Incidentally, ten batteries were manufactured for each. Table 1 shows the results. The discharge capacity at the first cycle in Table 1 is an index with the capacity at the first cycle of the battery A1 as 100. The capacity retention rate at the 25th cycle is a ratio (%) to the discharge capacity at the first cycle of each battery, and is an average value of the capacity retention rates of the batteries in which the electrolyte did not leak.

[0041]

[Table 1]

As is clear from the results shown in Table 1, a battery A1 using a positive electrode prepared by adding cement to γ-type nickel oxyhydroxide in which manganese is solid-dissolved in an amount of 5 to 50% by weight is added.
In addition, A3 to A5 have no cracks in the positive electrode, and are excellent in cycle characteristics and leakage resistance.

It is considered that the reason why the number of leaked batteries generated in the battery A2 is large is that the oxygen overvoltage cannot be sufficiently improved due to the small amount of solid solution of manganese. Battery A6
It is considered that the reason why the discharge capacity in the first cycle is small is that the amount of γ-type nickel oxyhydroxide, which is an active material, is relatively reduced due to the large amount of solid solution of manganese.

The reason why the positive electrode crack generation rate of the comparative battery X is high is considered to be that the strength of the positive electrode molded product was insufficient because no cement was added. The reason why the discharge capacity of the comparative battery Y is low is considered to be that the crystal structure has changed. In addition, it is considered that the liquid leakage resistance is poor because the oxygen overvoltage of the positive electrode is low.

The reason why the discharge capacity of the comparative battery Z is low is that oxygen overvoltage is low because manganese is not dissolved in the positive electrode active material, the charge acceptability is low, and as a result, the active material utilization rate is low. It is thought that it became. It is considered that the liquid leakage resistance is poor because the oxygen overvoltage of the positive electrode is low.

(Experiment 2) In this experiment, the amount of cement to be added was examined.
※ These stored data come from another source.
(* Let $p$ be any prime, $G=SL(2,\mathbb{Z}_p)$, $T=\{F\in SL(2,\mathbb{Z}_p):\mathrm{Tr}(F)\neq 2\pmod p\}$ and $\Gamma=\Gamma(G,T)$. Then assigning to each $F=\begin{pmatrix}\alpha&\beta\\ \gamma&\delta\end{pmatrix}$ the color $(\alpha,\beta)$ is a proper vertex coloring of $\Gamma$ with $p^2-1$ colors, so that $p(p-1)\leq\chi(\Gamma)\leq p^2-1$ and $\omega(\Gamma)\leq p^2-1$.
   Context: The Cayley graph $\Gamma(G,T)$ has vertex set $G$ and an edge between $g_1,g_2$ iff $g_1^{-1}g_2\in T$. A proper coloring assigns colors to vertices so that adjacent vertices receive different colors; $\chi(\Gamma)$ is the minimum number of colors in a proper coloring, and $\omega(\Gamma)$ is the largest size of a set of pairwise adjacent vertices. *)

theory Defs
  imports Main "HOL-Computational_Algebra.Primes"
begin

text \<open>2x2 matrices over Z_p represented as tuples (alpha, beta, gamma, delta) of
 integer representatives in {0..<p}, i.e. the matrix [[alpha, beta],[gamma, delta]].\<close>

type_synonym mat2 = "int \<times> int \<times> int \<times> int"

definition SL2 :: "nat \<Rightarrow> mat2 set" where
  "SL2 p = {(a,b,c,d). a \<in> {0..<int p} \<and> b \<in> {0..<int p} \<and> c \<in> {0..<int p} \<and> d \<in> {0..<int p}
              \<and> (a*d - b*c) mod int p = 1 mod int p}"

fun mmul :: "nat \<Rightarrow> mat2 \<Rightarrow> mat2 \<Rightarrow> mat2" where
  "mmul p (a,b,c,d) (e,f,g,h) =
     ((a*e + b*g) mod int p, (a*f + b*h) mod int p, (c*e + d*g) mod int p, (c*f + d*h) mod int p)"

text \<open>Inverse in SL(2,Z_p): the adjugate matrix (determinant is 1).\<close>
fun minv :: "nat \<Rightarrow> mat2 \<Rightarrow> mat2" where
  "minv p (a,b,c,d) = (d mod int p, (- b) mod int p, (- c) mod int p, a mod int p)"

fun mtrace :: "mat2 \<Rightarrow> int" where
  "mtrace (a,b,c,d) = a + d"

definition Tset :: "nat \<Rightarrow> mat2 set" where
  "Tset p = {F \<in> SL2 p. mtrace F mod int p \<noteq> 2 mod int p}"

definition cayley_adj :: "nat \<Rightarrow> mat2 \<Rightarrow> mat2 \<Rightarrow> bool" where
  "cayley_adj p g1 g2 \<longleftrightarrow> mmul p (minv p g1) g2 \<in> Tset p"

definition proper_coloring :: "'v set \<Rightarrow> ('v \<Rightarrow> 'v \<Rightarrow> bool) \<Rightarrow> ('v \<Rightarrow> 'c) \<Rightarrow> bool" where
  "proper_coloring V E col \<longleftrightarrow> (\<forall>u\<in>V. \<forall>v\<in>V. E u v \<longrightarrow> col u \<noteq> col v)"

definition chromatic_number :: "'v set \<Rightarrow> ('v \<Rightarrow> 'v \<Rightarrow> bool) \<Rightarrow> nat" where
  "chromatic_number V E = (LEAST k. \<exists>col :: 'v \<Rightarrow> nat. (\<forall>v\<in>V. col v < k) \<and> proper_coloring V E col)"

definition is_clique :: "'v set \<Rightarrow> ('v \<Rightarrow> 'v \<Rightarrow> bool) \<Rightarrow> 'v set \<Rightarrow> bool" where
  "is_clique V E K \<longleftrightarrow> K \<subseteq> V \<and> (\<forall>u\<in>K. \<forall>v\<in>K. u \<noteq> v \<longrightarrow> E u v)"

definition clique_number :: "'v set \<Rightarrow> ('v \<Rightarrow> 'v \<Rightarrow> bool) \<Rightarrow> nat" where
  "clique_number V E = Max {card K | K. is_clique V E K}"

end

theory Submission
  imports Defs "HOL-Number_Theory.Cong"
begin

text \<open>
  Write \<open>B(X, Y) = tr(adj X \<cdot> Y)\<close> for the polar form of the determinant, so that
  \<open>tr(X\<^sup>-\<^sup>1 Y) = B(X, Y)\<close> on \<open>SL(2,\<int>\<^sub>p)\<close>: two vertices are non-adjacent exactly when
  \<open>B(X, Y) = 2\<close>. Two matrices with the same first row \<open>r\<close> satisfy
  \<open>B(X, Y) = det X + det Y = 2\<close> (expand along \<open>r\<close>), which makes the first-row coloring
  proper; it uses the \<open>p\<^sup>2 - 1\<close> nonzero rows, bounding \<open>\<chi>\<close> and \<open>\<omega>\<close>.

  For the lower bound, an independent set translated by \<open>g\<^sup>-\<^sup>1\<close> (\<open>g\<close> one of its elements) is a
  set of unipotent matrices \<open>I + N\<close> with \<open>B \<equiv> 2\<close> pairwise, i.e. the nilpotent parts \<open>N\<close> span a
  totally isotropic subspace for the determinant on trace-zero matrices, which is a line.
  Hence independent sets have at most \<open>p\<close> elements, and \<open>|SL(2,\<int>\<^sub>p)| \<ge> (p-1)p\<^sup>2\<close> vertices
  need at least \<open>p(p-1)\<close> colors.
\<close>

section \<open>Colorings, cliques and independent sets\<close>

definition independent_set :: "'v set \<Rightarrow> ('v \<Rightarrow> 'v \<Rightarrow> bool) \<Rightarrow> 'v set \<Rightarrow> bool" where
  "independent_set V E S \<longleftrightarrow> S \<subseteq> V \<and> (\<forall>u\<in>S. \<forall>v\<in>S. \<not> E u v)"

lemma ex_proper_coloring_less_card_image:
  fixes V :: "'v set"
  assumes "finite (col ` V)" and "proper_coloring V E col"
  shows "\<exists>c :: 'v \<Rightarrow> nat. (\<forall>v\<in>V. c v < card (col ` V)) \<and> proper_coloring V E c"
proof -
  obtain h where h: "bij_betw h (col ` V) {0..<card (col ` V)}"
    using ex_bij_betw_finite_nat[OF assms(1)] by blast
  have "proper_coloring V E (h \<circ> col)"
    using assms(2) bij_betw_imp_inj_on[OF h]
    unfolding proper_coloring_def inj_on_def by auto
  moreover have "\<forall>v\<in>V. (h \<circ> col) v < card (col ` V)"
    using bij_betw_apply[OF h] by auto
  ultimately show ?thesis by blast
qed
lemma c_free_moment_fps_XY:
  assumes cf: "c_free \<phi> \<psi>"
    and \<omega>X0: "\<omega>X $ 0 = 0" and \<omega>Y0: "\<omega>Y $ 0 = 0"
    and \<omega>X: "\<omega>X = fps_X * (eta_tilde \<psi> wY oo \<omega>Y)"
    and \<omega>Y: "\<omega>Y = fps_X * (eta_tilde \<psi> wX oo \<omega>X)"
  shows "moment_fps \<phi> wXY =
    inverse (1 - fps_X * (eta_tilde \<phi> wX oo \<omega>X) * (eta_tilde \<phi> wY oo \<omega>Y))"
proof -
  have \<phi>0: "\<phi> [] = 1" and \<psi>0: "\<psi> [] = 1" using cf by (simp_all add: c_free_def unital_def)
  define \<beta>X where "\<beta>X = bool_cum (\<lambda>k. \<psi> (replicate k LX))"
  define \<beta>Y where "\<beta>Y = bool_cum (\<lambda>k. \<psi> (replicate k LY))"
  define a where "a = eta_tilde \<psi> wY oo \<omega>Y"
  define b where "b = eta_tilde \<psi> wX oo \<omega>X"
  have a: "a = fps_shift 1 (Abs_fps \<beta>Y) oo \<omega>Y" and b: "b = fps_shift 1 (Abs_fps \<beta>X) oo \<omega>X"
    by (simp_all add: a_def b_def \<beta>X_def \<beta>Y_def wX_def[abs_def] wY_def[abs_def] eta_tilde_replicate)
  define VX where "VX = bool_poly_fps \<beta>X oo fps_pconst \<omega>X"
  define VY where "VY = bool_poly_fps \<beta>Y oo fps_pconst \<omega>Y"
  have "eval_gen \<psi> LX VX = 0" "eval_gen \<psi> LY VY = 0"
    by (simp_all add: VX_def VY_def \<beta>X_def \<beta>Y_def eval_gen_compose
        eval_gen_bool_poly_fps_bool_cum[of \<psi>, OF \<psi>0])
  moreover have "scalar_fps (fps_X * a) * fps_const (Poly_Mapping.single [LX] 1) * gen_fps LX VX =
      gen_fps LX VX - fps_const (Poly_Mapping.single [LX] 1) + scalar_fps b"
    using gen_fps_bool_poly_fps_compose[OF \<omega>X0, of LX \<beta>X] by (simp add: VX_def b a_def flip: \<omega>X)
  moreover have "scalar_fps (fps_X * b) * fps_const (Poly_Mapping.single [LY] 1) * gen_fps LY VY =
      gen_fps LY VY - fps_const (Poly_Mapping.single [LY] 1) + scalar_fps a"
    using gen_fps_bool_poly_fps_compose[OF \<omega>Y0, of LY \<beta>Y] by (simp add: VY_def a b_def flip: \<omega>Y)
  ultimately obtain E where
    E: "E = 1 + fps_X * a * eval_gen \<phi> LX VX + fps_X * eval_gen \<phi> LX VX * eval_gen \<phi> LY VY * E"
    and M: "moment_fps \<phi> wXY * (1 - fps_X * a * b) = (1 + fps_X * b * eval_gen \<phi> LY VY) * E"
    by (rule c_free_moment_fps_XY_mult[OF cf])
  show ?thesis
  proof (rule subordination_scalar_identity[OF _ _ E M])
    show "(eta_tilde \<phi> wX oo \<omega>X) * (1 + fps_X * a * eval_gen \<phi> LX VX) = b + eval_gen \<phi> LX VX"
      using eta_tilde_compose_mult_eval_gen[of \<phi>, OF \<phi>0 \<omega>X0, of LX \<beta>X]
      by (simp add: wX_def[abs_def] VX_def b a_def flip: \<omega>X)
    show "(eta_tilde \<phi> wY oo \<omega>Y) * (1 + fps_X * b * eval_gen \<phi> LY VY) = a + eval_gen \<phi> LY VY"
      using eta_tilde_compose_mult_eval_gen[of \<phi>, OF \<phi>0 \<omega>Y0, of LY \<beta>Y]
      by (simp add: wY_def[abs_def] VY_def a b_def flip: \<omega>Y)
  qed
qed

lemma c_free_Sigma_tr_XY:
  assumes cf: "c_free \<phi> \<psi>"
    and \<omega>X0: "\<omega>X $ 0 = 0" and \<omega>Y0: "\<omega>Y $ 0 = 0"
    and \<omega>X: "\<omega>X = fps_X * (eta_tilde \<psi> wY oo \<omega>Y)"
    and \<omega>Y: "\<omega>Y = fps_X * (eta_tilde \<psi> wX oo \<omega>X)"
    and nX: "\<psi> [LX] \<noteq> 0" and nY: "\<psi> [LY] \<noteq> 0"
  shows "Sigma_tr \<phi> \<psi> wXY = Sigma_tr \<phi> \<psi> wX * Sigma_tr \<phi> \<psi> wY"
proof -
  define a where "a = eta_tilde \<psi> wY oo \<omega>Y"
  define b where "b = eta_tilde \<psi> wX oo \<omega>X"
  have "moment_fps \<psi> wXY = inverse (1 - fps_X * (b * a))"
    using c_free_moment_fps_XY[OF c_free_self[OF cf] \<omega>X0 \<omega>Y0 \<omega>X \<omega>Y]
    by (simp add: a_def b_def mult.assoc)
  then have \<eta>XY: "eta \<psi> wXY = fps_X * (b * a)"
    by (simp add: eta_eq_fps_X_mult_eta_tilde eta_tilde_eq_if_moment_fps_eq)
  have \<eta>0: "eta \<psi> T $ 0 = 0" for T by (simp add: eta_def)
  have n: "\<psi> (wX 1) \<noteq> 0" "\<psi> (wY 1) \<noteq> 0" using nX nY by (simp_all add: wX_def wY_def)
  then have \<eta>X1: "eta \<psi> wX $ 1 \<noteq> 0" and \<eta>Y1: "eta \<psi> wY $ 1 \<noteq> 0"
    by (simp_all add: eta_eq_fps_X_mult_eta_tilde eta_tilde_nth_0)
  have \<eta>XY1: "eta \<psi> wXY $ 1 \<noteq> 0"
    using n by (simp add: \<eta>XY a_def b_def eta_tilde_nth_0)
  have "eta \<psi> wX oo \<omega>X = \<omega>X * b" "eta \<psi> wY oo \<omega>Y = \<omega>Y * a"
    by (simp_all only: eta_eq_fps_X_mult_eta_tilde fps_compose_mult_distrib \<omega>X0 \<omega>Y0 a_def b_def
        fps_X_fps_compose_startby0)
  then have "eta \<psi> wX oo \<omega>X = eta \<psi> wXY" "eta \<psi> wY oo \<omega>Y = eta \<psi> wXY"
    by (simp_all add: \<eta>XY mult_ac \<omega>X[folded a_def] \<omega>Y[folded b_def])
  then have invX: "\<omega>X oo fps_inv (eta \<psi> wXY) = fps_inv (eta \<psi> wX)"
    and invY: "\<omega>Y oo fps_inv (eta \<psi> wXY) = fps_inv (eta \<psi> wY)"
    using compose_fps_inv_eq_fps_inv[OF \<eta>0 \<eta>X1 \<omega>X0 \<eta>0 \<eta>XY1]
      compose_fps_inv_eq_fps_inv[OF \<eta>0 \<eta>Y1 \<omega>Y0 \<eta>0 \<eta>XY1] by simp_all
  have I0: "fps_inv (eta \<psi> wXY) $ 0 = 0" by (simp add: fps_inv_def)
  have "eta_tilde \<phi> wXY = (eta_tilde \<phi> wX oo \<omega>X) * (eta_tilde \<phi> wY oo \<omega>Y)"
    using c_free_moment_fps_XY[OF cf \<omega>X0 \<omega>Y0 \<omega>X \<omega>Y]
    by (simp add: eta_tilde_eq_if_moment_fps_eq mult.assoc)
  then show ?thesis
    by (simp add: Sigma_tr_def fps_compose_mult_distrib[OF I0] invX invY
        flip: fps_compose_assoc[OF I0 \<omega>X0] fps_compose_assoc[OF I0 \<omega>Y0])
qed

theorem proposition7:
  fixes \<phi> \<psi> :: functional and \<omega>X \<omega>Y :: "complex fps"
  assumes "c_free \<phi> \<psi>"
    and "fps_nth \<omega>X 0 = 0" and "fps_nth \<omega>Y 0 = 0"
    and "\<omega>X = fps_X * (eta_tilde \<psi> wY oo \<omega>Y)"
    and "\<omega>Y = fps_X * (eta_tilde \<psi> wX oo \<omega>X)"
  shows "moment_fps \<phi> wXY =
           inverse (1 - fps_X * (eta_tilde \<phi> wX oo \<omega>X) * (eta_tilde \<phi> wY oo \<omega>Y))
       \<and> (\<psi> [LX] \<noteq> 0 \<and> \<psi> [LY] \<noteq> 0 \<longrightarrow>
           Sigma_tr \<phi> \<psi> wXY = Sigma_tr \<phi> \<psi> wX * Sigma_tr \<phi> \<psi> wY)"
  using c_free_moment_fps_XY[OF assms] c_free_Sigma_tr_XY[OF assms] by blast

end
lemma Cc_scale:
  assumes "f \<in> Cc X"
  shows "(\<lambda>x. c * f x) \<in> Cc X"
proof (rule Cc_if_vanishes_with [OF assms])
  show "continuous_map X euclidean (\<lambda>x. c * f x)"
    using assms by (simp add: Cc_def continuous_map_mult)
qed simp

lemma Cc_lincomb:
  assumes "f \<in> Cc X" and "g \<in> Cc X"
  shows "(\<lambda>x. a * f x - b * g x) \<in> Cc X"
  using Cc_add [OF Cc_scale [OF assms(1)] Cc_scale [OF assms(2)], of a "- b"] by simp

lemma Cc_mult_comp:
  assumes "f \<in> Cc Y" and "continuous_map X euclidean g" and "continuous_map Y X r"
  shows "(\<lambda>y. f y * g (r y)) \<in> Cc Y"
proof (rule Cc_if_vanishes_with [OF assms(1)])
  have "continuous_map Y euclidean (g \<circ> r)"
    using assms(2,3) continuous_map_compose by blast
  then show "continuous_map Y euclidean (\<lambda>y. f y * g (r y))"
    using assms(1) by (auto simp: Cc_def o_def intro: continuous_map_mult)
qed auto

lemma Cc_of_real:
  assumes "continuous_map X euclideanreal f"
    and "compactin X (X closure_of {x \<in> topspace X. f x \<noteq> 0})"
    and "\<And>x. x \<notin> topspace X \<Longrightarrow> f x = 0"
  shows "(\<lambda>x. complex_of_real (f x)) \<in> Cc X"
  using assms by (auto simp: Cc_def intro: continuous_map_of_real)

lemma positive_linear_CcD:
  assumes "positive_linear_Cc Y X L" and "f \<in> Cc Y"
  shows positive_linear_Cc_in_Cc: "L f \<in> Cc X"
    and positive_linear_Cc_nonneg: "nonneg_fun f \<Longrightarrow> nonneg_fun (L f)"
    and positive_linear_Cc_lincomb:
      "g \<in> Cc Y \<Longrightarrow> L (\<lambda>y. a * f y - b * g y) = (\<lambda>x. a * L f x - b * L g x)"
proof -
  show "L f \<in> Cc X" "nonneg_fun f \<Longrightarrow> nonneg_fun (L f)"
    using assms unfolding positive_linear_Cc_def by blast+
  have add: "\<And>f g. f \<in> Cc Y \<Longrightarrow> g \<in> Cc Y \<Longrightarrow> L (\<lambda>y. f y + g y) = (\<lambda>x. L f x + L g x)"
    and scale: "\<And>c f. f \<in> Cc Y \<Longrightarrow> L (\<lambda>y. c * f y) = (\<lambda>x. c * L f x)"
    using assms(1) unfolding positive_linear_Cc_def by blast+
  assume g: "g \<in> Cc Y"
  have "L (\<lambda>y. a * f y - b * g y) = L (\<lambda>y. a * f y + (- b) * g y)"
    by simp
  also have "\<dots> = (\<lambda>x. L (\<lambda>y. a * f y) x + L (\<lambda>y. (- b) * g y) x)"
    by (rule add [OF Cc_scale [OF assms(2)] Cc_scale [OF g]])
  also have "\<dots> = (\<lambda>x. a * L f x - b * L g x)"
    unfolding scale [OF assms(2)] scale [OF g] by simp
  finally show "L (\<lambda>y. a * f y - b * g y) = (\<lambda>x. a * L f x - b * L g x)" .
qed

lemma positive_linear_Cc_real_bound:
  assumes L: "positive_linear_Cc Y X L" and u: "u \<in> Cc Y" and \<phi>: "\<phi> \<in> Cc Y" "nonneg_fun \<phi>"
    and u_real: "\<And>y. Im (u y) = 0" and u_le: "\<And>y. \<bar>Re (u y)\<bar> \<le> e * Re (\<phi> y)"
  shows "norm (L u x) \<le> e * Re (L \<phi> x)"
proof -
  have "nonneg_fun (\<lambda>x. of_real e * L \<phi> x - c * L u x)" if "c = 1 \<or> c = -1" for c
  proof -
    have "nonneg_fun (\<lambda>y. of_real e * \<phi> y - c * u y)"
      using \<phi>(2) u_real u_le that by (auto simp: nonneg_fun_def abs_le_iff)
    then have "nonneg_fun (L (\<lambda>y. of_real e * \<phi> y - c * u y))"
      using positive_linear_Cc_nonneg [OF L Cc_lincomb [OF \<phi>(1) u]] by blast
    then show ?thesis
      by (simp only: positive_linear_Cc_lincomb [OF L \<phi>(1) u])
  qed
  then have pm: "Im (of_real e * L \<phi> x - c * L u x) = 0" "0 \<le> Re (of_real e * L \<phi> x - c * L u x)"
    if "c = 1 \<or> c = -1" for c
    using that unfolding nonneg_fun_def by blast+
  have "Im (L \<phi> x) = 0"
    using positive_linear_Cc_nonneg [OF L \<phi>] by (simp add: nonneg_fun_def)
  then have "Im (L u x) = 0"
    using pm(1) [of 1] by simp
  moreover have "\<bar>Re (L u x)\<bar> \<le> e * Re (L \<phi> x)"
    using pm(2) [of 1] pm(2) [of "-1"] by (simp add: abs_le_iff)
  ultimately show ?thesis
    by (simp add: cmod_eq_Re)
qed

lemma positive_linear_Cc_norm_bound:
  assumes L: "positive_linear_Cc Y X L" and h: "h \<in> Cc Y" and \<phi>: "\<phi> \<in> Cc Y" "nonneg_fun \<phi>"
    and h_le: "\<And>y. norm (h y) \<le> e * Re (\<phi> y)"
  shows "norm (L h x) \<le> 2 * e * Re (L \<phi> x)"
proof -
  define u where "u y = complex_of_real (Re (h y))" for y
  define v where "v y = complex_of_real (Im (h y))" for y
  have "continuous_map Y euclidean h"
    using h by (simp add: Cc_def)
  then have u: "u \<in> Cc Y" and v: "v \<in> Cc Y"
    unfolding u_def v_def
    by (auto intro!: Cc_if_vanishes_with [OF h] continuous_map_of_real continuous_map_Re continuous_map_Im)
  have "norm (L u x) \<le> e * Re (L \<phi> x)"
    using positive_linear_Cc_real_bound [OF L u \<phi>] abs_Re_le_cmod h_le order_trans
    by (fastforce simp: u_def)
  moreover have "norm (L v x) \<le> e * Re (L \<phi> x)"
    using positive_linear_Cc_real_bound [OF L v \<phi>] abs_Im_le_cmod h_le order_trans
    by (fastforce simp: v_def)
  moreover have "L h x = 1 * L u x - (- \<i>) * L v x"
  proof -
    have "h = (\<lambda>y. 1 * u y - (- \<i>) * v y)"
      by (auto simp: u_def v_def complex_eq_iff)
    then show ?thesis
      by (simp only: positive_linear_Cc_lincomb [OF L u v])
  qed
  then have "norm (L h x) \<le> norm (L u x) + norm (L v x)"
    using norm_triangle_ineq [of "L u x" "\<i> * L v x"] by (simp add: norm_mult)
  ultimately show ?thesis
    by linarith
qed

lemma nonpos_if_le_all_pos_mult:
  fixes a c :: real
  assumes "\<And>e. 0 < e \<Longrightarrow> a \<le> e * c"
  shows "a \<le> 0"
proof (cases "c \<le> 0")
  case True
  then show ?thesis
    using assms [of 1] by simp
next
  case False
  show ?thesis
  proof (rule field_le_epsilon)
    fix d :: real
    assume "0 < d"
    then show "a \<le> 0 + d"
      using assms [of "d / c"] False by simp
  qed
qed

lemma vanishing_on_fibres_imp_multiplicative:
  assumes L: "positive_linear_Cc Y X L" and r: "continuous_map Y X r"
    and vanish: "\<And>f x. \<lbrakk>f \<in> Cc Y; x \<in> topspace X; \<And>y. \<lbrakk>y \<in> topspace Y; r y = x\<rbrakk> \<Longrightarrow> f y = 0\<rbrakk>
      \<Longrightarrow> L f x = 0"
    and f: "f \<in> Cc Y" and g: "g \<in> Cc X"
  shows "L (\<lambda>y. f y * g (r y)) = (\<lambda>x. L f x * g x)"
proof
  fix x
  have fg: "(\<lambda>y. f y * g (r y)) \<in> Cc Y"
    using Cc_mult_comp [OF f _ r] g by (simp add: Cc_def)
  show "L (\<lambda>y. f y * g (r y)) x = L f x * g x"
  proof (cases "x \<in> topspace X")
    case True
    have "L (\<lambda>y. 1 * (f y * g (r y)) - g x * f y) x = 0"
      using True by (intro vanish Cc_lincomb fg f) auto
    then show ?thesis
      unfolding positive_linear_Cc_lincomb [OF L fg f] by (simp add: mult.commute)
  next
    case False
    then show ?thesis
      using positive_linear_Cc_in_Cc [OF L fg] g by (simp add: Cc_def)
  qed
qed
In the preparation of the positive electrode, the mixing ratio of γ-type nickel oxyhydroxide containing 20% by weight of manganese in solid solution and cement was 99.95: 0.05, 99.9: 0.
Batteries B1 to B6 were produced in the same manner, except that 1, 97: 3, 95: 5, 90:10, and 88:12. At this time, the valence of the nickel atom was 3.6.

Experiment 1 for each of these batteries B1 to B6
A charge / discharge cycle test was performed under the same conditions as
The battery capacity at the cycle, the battery capacity at the 25th cycle, and the number of leaked batteries were examined. The crack generation rate of the positive electrode molded body was measured in the same manner as in Experiment 1.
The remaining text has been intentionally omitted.